**Your objective**
So that the copy matches the original, write out every entry exactly.

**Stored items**
(* For every nonnegative integer $n$, $$\sum_{k=0}^{\infty}(-1)^k(4k+1)\,\frac{(-n)_k\,(-2n-\tfrac12)_k\,(\tfrac12)_k}{k!\,(n+\tfrac32)_k\,(2n+2)_k}=\left(\frac{2^2}{3^3}\right)^n\frac{(\tfrac32)_n^2}{(\tfrac43)_n(\tfrac23)_n}.$$ (The sum is finite, since $(-n)_k=0$ for $k>n$.)
   Context: $(a)_j=\Gamma(a+j)/\Gamma(a)=a(a+1)\cdots(a+j-1)$ denotes the rising factorial (Pochhammer symbol), with $(a)_0=1$. *)

theory Defs
  imports "HOL-Analysis.Analysis"
begin

end

theory Submission
  imports Defs
begin

(* The proof is a Wilf-Zeilberger (creative telescoping) argument.  Write F(n,k) for the
   summand, S(n) = sum_k F(n,k), and rho(n) = (2n+3)^2 / (3(3n+2)(3n+4)), which is the ratio
   of consecutive values of the closed form.  We exhibit a certificate G(n,m) with

     F(n+1,0) - rho(n) F(n,0) = G(n,0),
     F(n+1,m+1) - rho(n) F(n,m+1) = G(n,m+1) - G(n,m),      G(n,n+2) = 0.

   G(n,m) = W(n,m) P(n,m) / D(n) for an explicit polynomial P and a hypergeometric base term
   W(n,m) containing the factor (-n-1)_m, which vanishes from m = n+2 on.  As F(n,k) = 0 for
   k > n, all sums are finite and telescoping yields S(n+1) = rho(n) S(n).  The closed form
   satisfies the same recurrence and both equal 1 at n = 0. *)

section \<open>Creative telescoping\<close>

lemma telescoping_recurrence:
  fixes f g h :: "nat \<Rightarrow> 'a::comm_ring"
  assumes start: "f 0 - r * g 0 = h 0"
      and step: "\<And>k. f (Suc k) - r * g (Suc k) = h (Suc k) - h k"
      and vanish: "h N = 0"
  shows "(\<Sum>k\<le>N. f k) = r * (\<Sum>k\<le>N. g k)"
proof -
  have partial: "(\<Sum>k\<le>m. f k - r * g k) = h m" for m
    by (induction m) (simp_all add: start step)
  show ?thesis
    using partial[of N] vanish by (simp add: sum_subtractf sum_distrib_left)
qed

definition summand :: "nat \<Rightarrow> nat \<Rightarrow> real" where
  "summand n k = (-1::real) ^ k * (4 * real k + 1) *
     (pochhammer (- real n) k * pochhammer (- 2 * real n - 1/2) k * pochhammer (1/2) k) /
     (fact k * pochhammer (real n + 3/2) k * pochhammer (2 * real n + 2) k)"

definition closed_form :: "nat \<Rightarrow> real" where
  "closed_form n = (2^2 / 3^3) ^ n * (pochhammer (3/2) n)^2 / (pochhammer (4/3) n * pochhammer (2/3) n)"

(* The ratio closed_form (n+1) / closed_form n, as a rational function of x = n. *)
definition ratio :: "real \<Rightarrow> real" where
  "ratio x = (2*x + 3)^2 / (3 * (3*x + 2) * (3*x + 4))"

lemma pochhammer_ne_zero_of_pos: "(a::real) > 0 \<Longrightarrow> pochhammer a k \<noteq> 0"
  using pochhammer_pos[of a k] by simp

(* The factor (-n)_k kills every term with k > n, so the series is a finite sum. *)
lemma summand_vanishes: "n < k \<Longrightarrow> summand n k = 0"
  unfolding summand_def by (simp add: pochhammer_of_nat_eq_0_lemma)

lemma suminf_summand: "n \<le> N \<Longrightarrow> (\<Sum>k. summand n k) = (\<Sum>k\<le>N. summand n k)"
  by (rule suminf_finite) (auto intro: summand_vanishes)

lemma closed_form_Suc: "closed_form (Suc n) = ratio (real n) * closed_form n"
proof -
  have "pochhammer (4/3::real) n \<noteq> 0" "pochhammer (2/3::real) n \<noteq> 0"
    by (simp_all add: pochhammer_ne_zero_of_pos)
  then have "closed_form (Suc n)
      = 4/27 * (3/2 + real n)^2 / ((4/3 + real n) * (2/3 + real n)) * closed_form n"
    unfolding closed_form_def pochhammer_Suc by (simp add: power_mult_distrib ac_simps)
  also have "4/27 * (3/2 + real n)^2 / ((4/3 + real n) * (2/3 + real n)) = ratio (real n)"
  proof -
    have "(4/3 + real n) * (2/3 + real n) \<noteq> 0" "3 * (3 * real n + 2) * (3 * real n + 4) \<noteq> 0"
      by simp_all
    then show ?thesis unfolding ratio_def by (simp add: frac_eq_eq) algebra
  qed
  finally show ?thesis .
qed
text \<open>Every complex eigenvalue of P is a root of the characteristic polynomial, so there
  are finitely many and the spectral radius (a Max over them) bounds each of them.\<close>

lemma finite_cplx_eigenvalues: "finite (cplx_eigenvalues (P::real^'n^'n))"
proof -
  define A where "A = (\<chi> i j. complex_of_real (P $ i $ j))"
  obtain q where q: "q \<noteq> 0" "\<And>l. poly q l = det (mat l - A)"
    using characteristic_polynomial_exists by blast
  have "cplx_eigenvalues P \<subseteq> {l. poly q l = 0}"
  proof
    fix l assume "l \<in> cplx_eigenvalues P"
    then obtain v where v: "v \<noteq> 0" "A *v v = l *s v" by (auto simp: cplx_eigenvalues_def A_def)
    have "mat l *v v = l *s v"
      by (auto simp: vec_eq_iff matrix_vector_mult_def mat_def if_distrib[of "\<lambda>x. x * y" for y] cong: if_cong)
    then have "(mat l - A) *v v = 0"
      using v by (simp add: matrix_vector_mult_diff_rdistrib)
    then have "\<not> invertible (mat l - A)" using v invertible_iff_trivial_kernel by blast
    then show "l \<in> {l. poly q l = 0}" by (simp add: q(2) invertible_det_nz)
  qed
  then show ?thesis using poly_roots_finite[OF q(1)] finite_subset by blast
qed

text \<open>A real kernel vector of t I - P is a real eigenvector of P for the eigenvalue t,
  so t I - P is invertible as soon as t exceeds the spectral radius.\<close>

lemma invertible_above_spec_radius:
  fixes P :: "real^'n^'n"
  assumes "t > spec_radius P"
  shows "invertible (t *\<^sub>R mat 1 - P)"
proof (rule ccontr)
  assume "\<not> invertible (t *\<^sub>R mat 1 - P)"
  then obtain x where x: "x \<noteq> 0" "(t *\<^sub>R mat 1 - P) *v x = 0"
    using invertible_iff_trivial_kernel by blast
  then have Px: "P *v x = t *\<^sub>R x" by (simp add: shifted_matrix_vector_mult)
  define w where "w = (\<chi> i. complex_of_real (x $ i))"
  have "w \<noteq> 0" using x(1) by (auto simp: w_def vec_eq_iff)
  moreover have "(\<chi> i j. complex_of_real (P $ i $ j)) *v w = complex_of_real t *s w"
  proof -
    have "(\<Sum>j\<in>UNIV. complex_of_real (P $ i $ j) * complex_of_real (x $ j))
            = complex_of_real (t * x $ i)" for i
    proof -
      have "(\<Sum>j\<in>UNIV. P $ i $ j * x $ j) = t * x $ i"
        using arg_cong[OF Px, of "\<lambda>v. v $ i"] by (simp add: matrix_vector_mult_def)
      then have "complex_of_real (\<Sum>j\<in>UNIV. P $ i $ j * x $ j) = complex_of_real (t * x $ i)"
        by simp
      then show ?thesis by (simp add: of_real_sum)
    qed
    then show ?thesis by (simp add: vec_eq_iff matrix_vector_mult_def w_def)
  qed
  ultimately have "complex_of_real t \<in> cplx_eigenvalues P" unfolding cplx_eigenvalues_def by blast
  then have "cmod (complex_of_real t) \<le> spec_radius P"
    unfolding spec_radius_def by (rule Max_ge[OF finite_imageI[OF finite_cplx_eigenvalues] imageI])
  then show False using assms by simp
qed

**Exercise answer**
(* For every nonnegative integer $n$, $$\sum_{k=0}^{\infty}(-1)^k(4k+1)\,\frac{(-n)_k\,(-2n-\tfrac12)_k\,(\tfrac12)_k}{k!\,(n+\tfrac32)_k\,(2n+2)_k}=\left(\frac{2^2}{3^3}\right)^n\frac{(\tfrac32)_n^2}{(\tfrac43)_n(\tfrac23)_n}.$$ (The sum is finite, since $(-n)_k=0$ for $k>n$.)
   Context: $(a)_j=\Gamma(a+j)/\Gamma(a)=a(a+1)\cdots(a+j-1)$ denotes the rising factorial (Pochhammer symbol), with $(a)_0=1$. *)

theory Defs
  imports "HOL-Analysis.Analysis"
begin

end

theory Submission
  imports Defs
begin

(* The proof is a Wilf-Zeilberger (creative telescoping) argument.  Write F(n,k) for the
   summand, S(n) = sum_k F(n,k), and rho(n) = (2n+3)^2 / (3(3n+2)(3n+4)), which is the ratio
   of consecutive values of the closed form.  We exhibit a certificate G(n,m) with

     F(n+1,0) - rho(n) F(n,0) = G(n,0),
     F(n+1,m+1) - rho(n) F(n,m+1) = G(n,m+1) - G(n,m),      G(n,n+2) = 0.

   G(n,m) = W(n,m) P(n,m) / D(n) for an explicit polynomial P and a hypergeometric base term
   W(n,m) containing the factor (-n-1)_m, which vanishes from m = n+2 on.  As F(n,k) = 0 for
   k > n, all sums are finite and telescoping yields S(n+1) = rho(n) S(n).  The closed form
   satisfies the same recurrence and both equal 1 at n = 0. *)

section \<open>Creative telescoping\<close>

lemma telescoping_recurrence:
  fixes f g h :: "nat \<Rightarrow> 'a::comm_ring"
  assumes start: "f 0 - r * g 0 = h 0"
      and step: "\<And>k. f (Suc k) - r * g (Suc k) = h (Suc k) - h k"
      and vanish: "h N = 0"
  shows "(\<Sum>k\<le>N. f k) = r * (\<Sum>k\<le>N. g k)"
proof -
  have partial: "(\<Sum>k\<le>m. f k - r * g k) = h m" for m
    by (induction m) (simp_all add: start step)
  show ?thesis
    using partial[of N] vanish by (simp add: sum_subtractf sum_distrib_left)
qed

definition summand :: "nat \<Rightarrow> nat \<Rightarrow> real" where
  "summand n k = (-1::real) ^ k * (4 * real k + 1) *
     (pochhammer (- real n) k * pochhammer (- 2 * real n - 1/2) k * pochhammer (1/2) k) /
     (fact k * pochhammer (real n + 3/2) k * pochhammer (2 * real n + 2) k)"

definition closed_form :: "nat \<Rightarrow> real" where
  "closed_form n = (2^2 / 3^3) ^ n * (pochhammer (3/2) n)^2 / (pochhammer (4/3) n * pochhammer (2/3) n)"

(* The ratio closed_form (n+1) / closed_form n, as a rational function of x = n. *)
definition ratio :: "real \<Rightarrow> real" where
  "ratio x = (2*x + 3)^2 / (3 * (3*x + 2) * (3*x + 4))"

lemma pochhammer_ne_zero_of_pos: "(a::real) > 0 \<Longrightarrow> pochhammer a k \<noteq> 0"
  using pochhammer_pos[of a k] by simp

(* The factor (-n)_k kills every term with k > n, so the series is a finite sum. *)
lemma summand_vanishes: "n < k \<Longrightarrow> summand n k = 0"
  unfolding summand_def by (simp add: pochhammer_of_nat_eq_0_lemma)

lemma suminf_summand: "n \<le> N \<Longrightarrow> (\<Sum>k. summand n k) = (\<Sum>k\<le>N. summand n k)"
  by (rule suminf_finite) (auto intro: summand_vanishes)

lemma closed_form_Suc: "closed_form (Suc n) = ratio (real n) * closed_form n"
proof -
  have "pochhammer (4/3::real) n \<noteq> 0" "pochhammer (2/3::real) n \<noteq> 0"
    by (simp_all add: pochhammer_ne_zero_of_pos)
  then have "closed_form (Suc n)
      = 4/27 * (3/2 + real n)^2 / ((4/3 + real n) * (2/3 + real n)) * closed_form n"
    unfolding closed_form_def pochhammer_Suc by (simp add: power_mult_distrib ac_simps)
  also have "4/27 * (3/2 + real n)^2 / ((4/3 + real n) * (2/3 + real n)) = ratio (real n)"
  proof -
    have "(4/3 + real n) * (2/3 + real n) \<noteq> 0" "3 * (3 * real n + 2) * (3 * real n + 4) \<noteq> 0"
      by simp_all
    then show ?thesis unfolding ratio_def by (simp add: frac_eq_eq) algebra
  qed
  finally show ?thesis .
qed
text \<open>Every complex eigenvalue of P is a root of the characteristic polynomial, so there
  are finitely many and the spectral radius (a Max over them) bounds each of them.\<close>

lemma finite_cplx_eigenvalues: "finite (cplx_eigenvalues (P::real^'n^'n))"
proof -
  define A where "A = (\<chi> i j. complex_of_real (P $ i $ j))"
  obtain q where q: "q \<noteq> 0" "\<And>l. poly q l = det (mat l - A)"
    using characteristic_polynomial_exists by blast
  have "cplx_eigenvalues P \<subseteq> {l. poly q l = 0}"
  proof
    fix l assume "l \<in> cplx_eigenvalues P"
    then obtain v where v: "v \<noteq> 0" "A *v v = l *s v" by (auto simp: cplx_eigenvalues_def A_def)
    have "mat l *v v = l *s v"
      by (auto simp: vec_eq_iff matrix_vector_mult_def mat_def if_distrib[of "\<lambda>x. x * y" for y] cong: if_cong)
    then have "(mat l - A) *v v = 0"
      using v by (simp add: matrix_vector_mult_diff_rdistrib)
    then have "\<not> invertible (mat l - A)" using v invertible_iff_trivial_kernel by blast
    then show "l \<in> {l. poly q l = 0}" by (simp add: q(2) invertible_det_nz)
  qed
  then show ?thesis using poly_roots_finite[OF q(1)] finite_subset by blast
qed

text \<open>A real kernel vector of t I - P is a real eigenvector of P for the eigenvalue t,
  so t I - P is invertible as soon as t exceeds the spectral radius.\<close>

lemma invertible_above_spec_radius:
  fixes P :: "real^'n^'n"
  assumes "t > spec_radius P"
  shows "invertible (t *\<^sub>R mat 1 - P)"
proof (rule ccontr)
  assume "\<not> invertible (t *\<^sub>R mat 1 - P)"
  then obtain x where x: "x \<noteq> 0" "(t *\<^sub>R mat 1 - P) *v x = 0"
    using invertible_iff_trivial_kernel by blast
  then have Px: "P *v x = t *\<^sub>R x" by (simp add: shifted_matrix_vector_mult)
  define w where "w = (\<chi> i. complex_of_real (x $ i))"
  have "w \<noteq> 0" using x(1) by (auto simp: w_def vec_eq_iff)
  moreover have "(\<chi> i j. complex_of_real (P $ i $ j)) *v w = complex_of_real t *s w"
  proof -
    have "(\<Sum>j\<in>UNIV. complex_of_real (P $ i $ j) * complex_of_real (x $ j))
            = complex_of_real (t * x $ i)" for i
    proof -
      have "(\<Sum>j\<in>UNIV. P $ i $ j * x $ j) = t * x $ i"
        using arg_cong[OF Px, of "\<lambda>v. v $ i"] by (simp add: matrix_vector_mult_def)
      then have "complex_of_real (\<Sum>j\<in>UNIV. P $ i $ j * x $ j) = complex_of_real (t * x $ i)"
        by simp
      then show ?thesis by (simp add: of_real_sum)
    qed
    then show ?thesis by (simp add: vec_eq_iff matrix_vector_mult_def w_def)
  qed
  ultimately have "complex_of_real t \<in> cplx_eigenvalues P" unfolding cplx_eigenvalues_def by blast
  then have "cmod (complex_of_real t) \<le> spec_radius P"
    unfolding spec_radius_def by (rule Max_ge[OF finite_imageI[OF finite_cplx_eigenvalues] imageI])
  then show False using assms by simp
qed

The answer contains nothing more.